Baltimore painter Cynthia Daignault was more prepared than most, having purchased a small business owner’s insurance policy for her materials and equipment as well as basic liability for the studio. Over email, she explained to me that she added to her policy a special fine art rider to cover her finished artwork which she describes as “$$$$” and figured she was well prepared for any catastrophe. But when her studio flooded and she lost $50,000-worth of materials and priceless finished works, she found out that she was not covered for flooding. When applying for emergency funding, Daignault realized that those kinds of funds are generally put together for widely acknowledged natural disaster events like forest fires and hurricanes—but since Daignault’s flooding occurred during a heavy rainstorm, she couldn’t find any assistance. Now Daignault buys health insurance, business insurance, an art rider, and flood insurance, which comes to about $1,500 a month in total. At these numbers, she completely understands why so many artists decide to forgo insurance altogether, but for herself, she has decided “it’s a lot—but losing so much was worse.”

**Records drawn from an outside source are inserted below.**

definition pos_def :: "complex^'n^'n \<Rightarrow> bool" where
  "pos_def A \<longleftrightarrow> hermitian A \<and> (\<forall>x. x \<noteq> 0 \<longrightarrow> 0 < Re (qform A x))"

definition pos_semidef :: "complex^'n^'n \<Rightarrow> bool" where
  "pos_semidef A \<longleftrightarrow> hermitian A \<and> (\<forall>x. 0 \<le> Re (qform A x))"

definition msqrt :: "complex^'n^'n \<Rightarrow> complex^'n^'n" where
  "msqrt A = (THE B. pos_semidef B \<and> B ** B = A)"

definition gen_fidelity :: "complex^'n^'n \<Rightarrow> complex^'n^'n \<Rightarrow> complex^'n^'n \<Rightarrow> complex" where
  "gen_fidelity R P Q =
     trace (msqrt (msqrt R ** P ** msqrt R) ** matrix_inv R ** msqrt (msqrt R ** Q ** msqrt R))"

text \<open>Squared generalized Bures distance B_R(P,Q) = Tr[P+Q] - 2 Re F_R(P,Q)
  (Tr[P+Q] is real for Hermitian P, Q; we take its real part).\<close>
definition gen_bures_sq :: "complex^'n^'n \<Rightarrow> complex^'n^'n \<Rightarrow> complex^'n^'n \<Rightarrow> real" where
  "gen_bures_sq R P Q = Re (trace (P + Q)) - 2 * Re (gen_fidelity R P Q)"

definition gen_bures :: "complex^'n^'n \<Rightarrow> complex^'n^'n \<Rightarrow> complex^'n^'n \<Rightarrow> real" where
  "gen_bures R P Q = sqrt (gen_bures_sq R P Q)"

end

theory Submission
  imports Defs "HOL-Computational_Algebra.Polynomial"
begin

text \<open>
  Write \<open>H = R^(1/2)\<close> and \<open>X\<^sub>P = H\<^sup>-\<^sup>1 (H P H)^(1/2)\<close>. Then \<open>X\<^sub>P X\<^sub>P\<^sup>* = P\<close> and
  \<open>X\<^sub>P\<^sup>* X\<^sub>Q = (H P H)^(1/2) R\<^sup>-\<^sup>1 (H Q H)^(1/2)\<close>, so taking real traces gives
  \<open>B\<^sub>R(P,Q) = \<parallel>X\<^sub>P - X\<^sub>Q\<parallel>\<^sup>2\<close> in the Frobenius norm. Hence \<open>b\<^sub>R\<close> is the Euclidean
  distance pulled back along \<open>P \<mapsto> X\<^sub>P\<close>, which is injective because \<open>P = X\<^sub>P X\<^sub>P\<^sup>*\<close>.

  The positive square roots behind \<open>msqrt\<close> are obtained as real polynomials in the matrix,
  interpolating the root at the eigenvalues; the eigenvectors of a Hermitian matrix span
  because a maximiser of the Rayleigh quotient on an invariant subspace is an eigenvector.
\<close>

section \<open>Eigenvectors of self-adjoint maps\<close>

lemma nonneg_quadratic_imp_linear_coeff_zero:
  fixes a b :: real
  assumes "\<And>t. 0 \<le> 2*t*a + t^2*b"
  shows "a = 0"
proof (rule ccontr)
  assume "a \<noteq> 0"
  define c where "c = \<bar>b\<bar> + 1"
  have c: "c > 0" "b < 2 * c" unfolding c_def by auto
  have "0 \<le> 2*(-a/c)*a + (-a/c)^2*b" by (rule assms)
  also have "\<dots> = a^2 / c^2 * (b - 2*c)"
    using c by (simp add: field_simps power2_eq_square)
  also have "\<dots> < 0"
    using \<open>a \<noteq> 0\<close> c by (intro mult_pos_neg) auto
  finally show False by simp
qed

lemma rayleigh_maximizer_eigenvector:
  fixes f :: "'a::euclidean_space \<Rightarrow> 'a"
  assumes lin: "linear f" and sa: "\<And>x y. f x \<bullet> y = x \<bullet> f y"
    and W: "subspace W" "f ` W \<subseteq> W" and x0: "x0 \<in> W" "x0 \<bullet> x0 = 1"
    and max: "\<And>x. x \<in> W \<Longrightarrow> x \<bullet> f x \<le> (x0 \<bullet> f x0) * (x \<bullet> x)"
  shows "f x0 = (x0 \<bullet> f x0) *\<^sub>R x0"
proof -
  define m where "m = x0 \<bullet> f x0"
  define g where "g = m *\<^sub>R x0 - f x0"
  have "g \<in> W" unfolding g_def using W x0
    by (meson image_subset_iff subspace_diff subspace_scale)
  have "0 \<le> 2*t*(g \<bullet> g) + t^2*(m*(g \<bullet> g) - g \<bullet> f g)" for t
  proof -
    let ?z = "x0 + t *\<^sub>R g"
    have "?z \<in> W" using W(1) x0 \<open>g \<in> W\<close> by (simp add: subspace_add subspace_scale)
    hence "0 \<le> m * (?z \<bullet> ?z) - ?z \<bullet> f ?z" using max unfolding m_def by fastforce
    moreover have "f ?z = f x0 + t *\<^sub>R f g" using lin by (simp add: linear_add linear_scale)
    ultimately have "0 \<le> 2*t*(g \<bullet> (m *\<^sub>R x0 - f x0)) + t^2*(m*(g \<bullet> g) - g \<bullet> f g)"
      using x0(2) sa[of x0 g, symmetric]
      by (simp add: inner_add_left inner_add_right inner_diff_right inner_commute m_def
          algebra_simps power2_eq_square)
    then show ?thesis unfolding g_def .
  qed
  hence "g \<bullet> g = 0" by (rule nonneg_quadratic_imp_linear_coeff_zero)
  thus ?thesis by (simp add: g_def m_def)
qed
(* Let $(G,k)$ be an instance of \textsc{Bicolored $P_3$ Deletion} and let $u,v,w,z$ be vertices such that $G[\{u,v,w,z\}]$ is an LC-Diamond, an LO-Diamond, or an IIZ-Diamond (with the vertex labels as in the definitions). Then $(G,k)$ is a yes-instance if and only if at least one of $(G-\{v,w\},k-1)$, $(G-\{\{u,v\},\{u,z\}\},k-2)$, $(G-\{\{u,v\},\{v,z\},\{w,z\}\},k-3)$ is a yes-instance.
   Context: A two-colored graph $G=(V,E_r,E_b)$ is a finite simple undirected graph whose edge set $E=E_r\uplus E_b$ is partitioned into red and blue edges; $G-F$ removes the edges in $F$ (and $G-\{v,w\}$ removes the single edge $\{v,w\}$). A bicolored $P_3$ is an induced subgraph on three vertices $a,b,c$ with edges $\{a,b\},\{b,c\}$ of different colors and $\{a,c\}\notin E$. The following are defined up to swapping the two colors (both versions count). An LC-Diamond on $u,v,w,z$: edges exactly $\{u,v\}$ blue, $\{v,w\}$ red, $\{u,z\}$ blue, $\{v,z\}$ red, $\{w,z\}$ blue. An LO-Diamond on $u,v,w,z$: edges exactly $\{u,v\}$ blue, $\{v,w\}$ red, $\{u,z\}$ blue, $\{v,z\}$ blue, $\{w,z\}$ red. An IIZ-Diamond on $u,v,w,z$: edges exactly $\{u,v\}$ blue, $\{v,w\}$ red, $\{u,z\}$ red, $\{v,z\}$ blue, $\{w,z\}$ blue. \textsc{Bicolored $P_3$ Deletion}: given $G$ and an integer $k$, decide whether some $S\subseteq E$ with $|S|\le k$ makes $G-S$ free of induced bicolored $P_3$s (no-instance if $k<0$). *)

theory Defs
  imports Main
begin

definition two_colored_graph :: "'a set \<Rightarrow> 'a set set \<Rightarrow> 'a set set \<Rightarrow> bool" where
  "two_colored_graph V Er Eb \<longleftrightarrow> finite V \<and> Er \<inter> Eb = {} \<and>
     (\<forall>e \<in> Er \<union> Eb. \<exists>x y. x \<noteq> y \<and> x \<in> V \<and> y \<in> V \<and> e = {x, y})"

definition bicolored_P3 :: "'a set set \<Rightarrow> 'a set set \<Rightarrow> 'a \<Rightarrow> 'a \<Rightarrow> 'a \<Rightarrow> bool" where
  "bicolored_P3 Er Eb a b c \<longleftrightarrow> a \<noteq> b \<and> b \<noteq> c \<and> a \<noteq> c \<and>
     (({a,b} \<in> Er \<and> {b,c} \<in> Eb) \<or> ({a,b} \<in> Eb \<and> {b,c} \<in> Er)) \<and>
     {a,c} \<notin> Er \<union> Eb"

definition P3_free :: "'a set set \<Rightarrow> 'a set set \<Rightarrow> bool" where
  "P3_free Er Eb \<longleftrightarrow> (\<nexists>a b c. bicolored_P3 Er Eb a b c)"

text \<open>(G,k) is a yes-instance of Bicolored P3 Deletion (no-instance if k < 0).
  G - S removes the edges in S from both colour classes.\<close>
definition yes_instance :: "'a set \<Rightarrow> 'a set set \<Rightarrow> 'a set set \<Rightarrow> int \<Rightarrow> bool" where
  "yes_instance V Er Eb k \<longleftrightarrow> k \<ge> 0 \<and>
     (\<exists>S. S \<subseteq> Er \<union> Eb \<and> finite S \<and> int (card S) \<le> k \<and> P3_free (Er - S) (Eb - S))"

definition LC_pat :: "'a set set \<Rightarrow> 'a set set \<Rightarrow> 'a \<Rightarrow> 'a \<Rightarrow> 'a \<Rightarrow> 'a \<Rightarrow> bool" where
  "LC_pat R B u v w z \<longleftrightarrow> distinct [u,v,w,z] \<and>
     {u,v} \<in> B \<and> {v,w} \<in> R \<and> {u,z} \<in> B \<and> {v,z} \<in> R \<and> {w,z} \<in> B \<and> {u,w} \<notin> R \<union> B"

definition LO_pat :: "'a set set \<Rightarrow> 'a set set \<Rightarrow> 'a \<Rightarrow> 'a \<Rightarrow> 'a \<Rightarrow> 'a \<Rightarrow> bool" where
  "LO_pat R B u v w z \<longleftrightarrow> distinct [u,v,w,z] \<and>
     {u,v} \<in> B \<and> {v,w} \<in> R \<and> {u,z} \<in> B \<and> {v,z} \<in> B \<and> {w,z} \<in> R \<and> {u,w} \<notin> R \<union> B"

definition IIZ_pat :: "'a set set \<Rightarrow> 'a set set \<Rightarrow> 'a \<Rightarrow> 'a \<Rightarrow> 'a \<Rightarrow> 'a \<Rightarrow> bool" where
  "IIZ_pat R B u v w z \<longleftrightarrow> distinct [u,v,w,z] \<and>
     {u,v} \<in> B \<and> {v,w} \<in> R \<and> {u,z} \<in> R \<and> {v,z} \<in> B \<and> {w,z} \<in> B \<and> {u,w} \<notin> R \<union> B"

definition LC_diamond where
  "LC_diamond Er Eb u v w z \<longleftrightarrow> LC_pat Er Eb u v w z \<or> LC_pat Eb Er u v w z"
definition LO_diamond where
  "LO_diamond Er Eb u v w z \<longleftrightarrow> LO_pat Er Eb u v w z \<or> LO_pat Eb Er u v w z"
definition IIZ_diamond where
  "IIZ_diamond Er Eb u v w z \<longleftrightarrow> IIZ_pat Er Eb u v w z \<or> IIZ_pat Eb Er u v w z"

end

theory Submission
  imports Defs
begin

text \<open>Deleting an edge set F that is contained in some solution S leaves S - F as a
  solution of the smaller instance, and conversely a solution of G - F extends by F; so
  branching on a family of edge sets is exact as soon as every solution contains one of
  them. In each diamond the induced bicolored P3 u-v-w forces {v,w} or {u,v} into S. If
  {u,v} is deleted but {v,w} kept, the bicolored P3s created by that deletion (centred at
  z, and then at z or w) force {u,z}, or both {v,z} and {w,z}.\<close>

definition solution :: "'a set set \<Rightarrow> 'a set set \<Rightarrow> 'a set set \<Rightarrow> bool" where
  "solution Er Eb S \<longleftrightarrow> S \<subseteq> Er \<union> Eb \<and> finite S \<and> P3_free (Er - S) (Eb - S)"

lemma yes_instance_iff_solution:
  "yes_instance V Er Eb k \<longleftrightarrow> (\<exists>S. solution Er Eb S \<and> int (card S) \<le> k)"
  unfolding yes_instance_def solution_def by (meson of_nat_0_le_iff order_trans)

lemma P3_free_commute: "P3_free Er Eb \<longleftrightarrow> P3_free Eb Er"
  unfolding P3_free_def bicolored_P3_def by (auto simp: insert_commute)

lemma solution_Diff:
  assumes "solution Er Eb S" and "F \<subseteq> S"
  shows "solution (Er - F) (Eb - F) (S - F)"
proof -
  have "Er - F - (S - F) = Er - S" "Eb - F - (S - F) = Eb - S"
    using assms(2) by auto
  with assms(1) show ?thesis
    unfolding solution_def by auto
qed

lemma solution_Un:
  assumes "solution (Er - F) (Eb - F) S" and "F \<subseteq> Er \<union> Eb" and "finite F"
  shows "solution Er Eb (S \<union> F)"
proof -
  have "Er - (S \<union> F) = Er - F - S" "Eb - (S \<union> F) = Eb - F - S"
    by auto
  with assms show ?thesis
    unfolding solution_def by auto
qed

lemma yes_instance_Diff_iff:
  assumes "F \<subseteq> Er \<union> Eb" and "finite F"
  shows "yes_instance V (Er - F) (Eb - F) (k - int (card F)) \<longleftrightarrow>
           (\<exists>S. solution Er Eb S \<and> F \<subseteq> S \<and> int (card S) \<le> k)"
proof
  assume "yes_instance V (Er - F) (Eb - F) (k - int (card F))"
  then obtain S where S: "solution (Er - F) (Eb - F) S" "int (card S) \<le> k - int (card F)"
    unfolding yes_instance_iff_solution by blast
  have "card (S \<union> F) \<le> card S + card F"
    by (rule card_Un_le)
  with S solution_Un[OF S(1) assms] show "\<exists>S. solution Er Eb S \<and> F \<subseteq> S \<and> int (card S) \<le> k"
    by (intro exI[of _ "S \<union> F"]) auto
next
  assume "\<exists>S. solution Er Eb S \<and> F \<subseteq> S \<and> int (card S) \<le> k"
  then obtain S where S: "solution Er Eb S" "F \<subseteq> S" "int (card S) \<le> k"
    by blast
  then have "card (S - F) = card S - card F" "card F \<le> card S"
    using assms(2) by (auto simp: card_Diff_subset solution_def intro: card_mono)
  with S solution_Diff[OF S(1,2)] show "yes_instance V (Er - F) (Eb - F) (k - int (card F))"
    unfolding yes_instance_iff_solution by (intro exI[of _ "S - F"]) auto
qed

lemma yes_instance_branch:
  assumes "\<forall>F \<in> \<F>. F \<subseteq> Er \<union> Eb \<and> finite F"
    and "\<And>S. solution Er Eb S \<Longrightarrow> \<exists>F \<in> \<F>. F \<subseteq> S"
  shows "yes_instance V Er Eb k \<longleftrightarrow>
           (\<exists>F \<in> \<F>. yes_instance V (Er - F) (Eb - F) (k - int (card F)))"
  using assms yes_instance_Diff_iff unfolding yes_instance_iff_solution by meson

lemma P3_free_Diff_hits_P3:
  assumes "P3_free (R - S) (B - S)" and "distinct [a, b, c]"
    and "({a,b} \<in> R \<and> {b,c} \<in> B) \<or> ({a,b} \<in> B \<and> {b,c} \<in> R)"
    and "{a,c} \<notin> (R - S) \<union> (B - S)"
  shows "{a,b} \<in> S \<or> {b,c} \<in> S"
  using assms unfolding P3_free_def bicolored_P3_def by auto

lemma LC_pat_solution_cases:
  assumes "LC_pat R B u v w z" and "P3_free (R - S) (B - S)"
  shows "{v,w} \<in> S \<or> ({u,v} \<in> S \<and> {u,z} \<in> S) \<or> ({u,v} \<in> S \<and> {v,z} \<in> S \<and> {w,z} \<in> S)"
  using assms(1) P3_free_Diff_hits_P3[OF assms(2), of u v w] P3_free_Diff_hits_P3[OF assms(2), of u z v]
    P3_free_Diff_hits_P3[OF assms(2), of z w v]
  unfolding LC_pat_def by (auto simp: insert_commute)

lemma LO_pat_solution_cases:
  assumes "LO_pat R B u v w z" and "P3_free (R - S) (B - S)"
  shows "{v,w} \<in> S \<or> ({u,v} \<in> S \<and> {u,z} \<in> S) \<or> ({u,v} \<in> S \<and> {v,z} \<in> S \<and> {w,z} \<in> S)"
  using assms(1) P3_free_Diff_hits_P3[OF assms(2), of u v w] P3_free_Diff_hits_P3[OF assms(2), of u z w]
    P3_free_Diff_hits_P3[OF assms(2), of z v w]
  unfolding LO_pat_def by (auto simp: insert_commute)

lemma IIZ_pat_solution_cases:
  assumes "IIZ_pat R B u v w z" and "P3_free (R - S) (B - S)"
  shows "{v,w} \<in> S \<or> ({u,v} \<in> S \<and> {u,z} \<in> S) \<or> ({u,v} \<in> S \<and> {v,z} \<in> S \<and> {w,z} \<in> S)"
  using assms(1) P3_free_Diff_hits_P3[OF assms(2), of u v w] P3_free_Diff_hits_P3[OF assms(2), of u z v]
    P3_free_Diff_hits_P3[OF assms(2), of u z w]
  unfolding IIZ_pat_def by (auto simp: insert_commute)

lemma diamond_solution_cases:
  assumes "LC_diamond Er Eb u v w z \<or> LO_diamond Er Eb u v w z \<or> IIZ_diamond Er Eb u v w z"
    and "solution Er Eb S"
  shows "\<exists>F \<in> {{{v,w}}, {{u,v},{u,z}}, {{u,v},{v,z},{w,z}}}. F \<subseteq> S"
proof -
  have "P3_free (Er - S) (Eb - S)" "P3_free (Eb - S) (Er - S)"
    using assms(2) P3_free_commute unfolding solution_def by blast+
  with assms(1) have "{v,w} \<in> S \<or> ({u,v} \<in> S \<and> {u,z} \<in> S) \<or> ({u,v} \<in> S \<and> {v,z} \<in> S \<and> {w,z} \<in> S)"
    unfolding LC_diamond_def LO_diamond_def IIZ_diamond_def
    by (elim disjE) (erule LC_pat_solution_cases LO_pat_solution_cases IIZ_pat_solution_cases; assumption)+
  then show ?thesis
    by simp
qed

lemma diamond_distinct_edges:
  assumes "LC_diamond Er Eb u v w z \<or> LO_diamond Er Eb u v w z \<or> IIZ_diamond Er Eb u v w z"
  shows "distinct [u,v,w,z]" and "{{v,w},{u,v},{u,z},{v,z},{w,z}} \<subseteq> Er \<union> Eb"
  using assms unfolding LC_diamond_def LO_diamond_def IIZ_diamond_def
    LC_pat_def LO_pat_def IIZ_pat_def by blast+

theorem lemma6:
  fixes V :: "'a set" and Er Eb :: "'a set set" and k :: int and u v w z :: 'a
  assumes "two_colored_graph V Er Eb"
    and "u \<in> V" "v \<in> V" "w \<in> V" "z \<in> V"
    and "LC_diamond Er Eb u v w z \<or> LO_diamond Er Eb u v w z \<or> IIZ_diamond Er Eb u v w z"
  shows "yes_instance V Er Eb k \<longleftrightarrow>
           (yes_instance V (Er - {{v,w}}) (Eb - {{v,w}}) (k - 1) \<or>
            yes_instance V (Er - {{u,v},{u,z}}) (Eb - {{u,v},{u,z}}) (k - 2) \<or>
            yes_instance V (Er - {{u,v},{v,z},{w,z}}) (Eb - {{u,v},{v,z},{w,z}}) (k - 3))"
proof -
  note distinct = diamond_distinct_edges(1)[OF assms(6)]
    and edges = diamond_distinct_edges(2)[OF assms(6)]
  have "yes_instance V Er Eb k \<longleftrightarrow>
          (\<exists>F \<in> {{{v,w}}, {{u,v},{u,z}}, {{u,v},{v,z},{w,z}}}.
             yes_instance V (Er - F) (Eb - F) (k - int (card F)))"
  proof (rule yes_instance_branch)
    show "\<forall>F \<in> {{{v,w}}, {{u,v},{u,z}}, {{u,v},{v,z},{w,z}}}. F \<subseteq> Er \<union> Eb \<and> finite F"
      using edges by simp
  qed (rule diamond_solution_cases[OF assms(6)])
  moreover have "card {{u,v},{u,z}} = 2" "card {{u,v},{v,z},{w,z}} = 3"
    using distinct by (auto simp: doubleton_eq_iff)
  ultimately show ?thesis
    by simp
qed

end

According to agent Troy Smith of ACT, weather is actually the biggest factor in the claims they see on their ACT policy, which was designed with artists who show at short-term and high-volume fairs and conferences in mind. “Most claims we see are weather-related, someone’s tent will be picked up and damage something else—artwork, vehicles, and buildings,” Smith says. “We’ve paid to fix cars, art, and property.” An ACT policy can be purchased for a single three-day event or annually, so most of Smith’s clients are artists participating in art fairs, craft conventions, and other temporary events. The policy can be extended to cover longer periods of time if needed, but it is not intended to cover public art installations (you might look into an Installation Floater policy for that).

ACT is also not in the business of assigning value to your art, a mistake that many artists make when buying insurance—it’s important to remember that insurance does not cover the sales value of fine art, only the materials necessary to remake the work. “Our policies are designed to take the supplies that were necessary to make the work and replace them,” Smith explains. “The primary purpose of the ACT policy is to cover liability in case of injury.” So if someone falls in front of your exhibition tent or sues you because they claim a process you taught them was harmful, there are insurance policies that can protect your assets.

MDP creates packages for artists to offer them the fullest coverage. According to agent Meghan Shriver Coleman, this “typically includes General Liability, Inland Marine/Fine Art, Installation Floater (if Public Artist) and sometimes Workers Compensation” depending on the profession. MDP often works with artists to combine different types of insurance to offer the best coverage, and Coleman cautions, “adding to a homeowners policy doesn’t provide adequate coverage nor does it contemplate the full operations of an artist’s work and exposures. It’s extremely important that artists speak to their homeowners insurance carrier and review their policies for appropriate coverage.”

So even if you think you’re covered, you really need to check your current policies to be sure. “We don’t recommend adding the completed works or work in process to a homeowners policy because we have found that it doesn’t always cover in the way the artist has intended,” Coleman continues. What generally works better for artists are policies that specifically cover the works while they are being made as well as once they’re completed.  

Whether you’re thinking about participating in fairs again post-COVID or just want to protect your work while it’s living in your basement, insurance is worth looking into. You might be surprised how affordable some policies are (ACT starts at $49 for a three-day event policy). When you’re buying a policy or package, make sure to speak to an agent to understand all the exclusions and really assess if you’re buying the coverage you think you’re buying. It just might make the difference.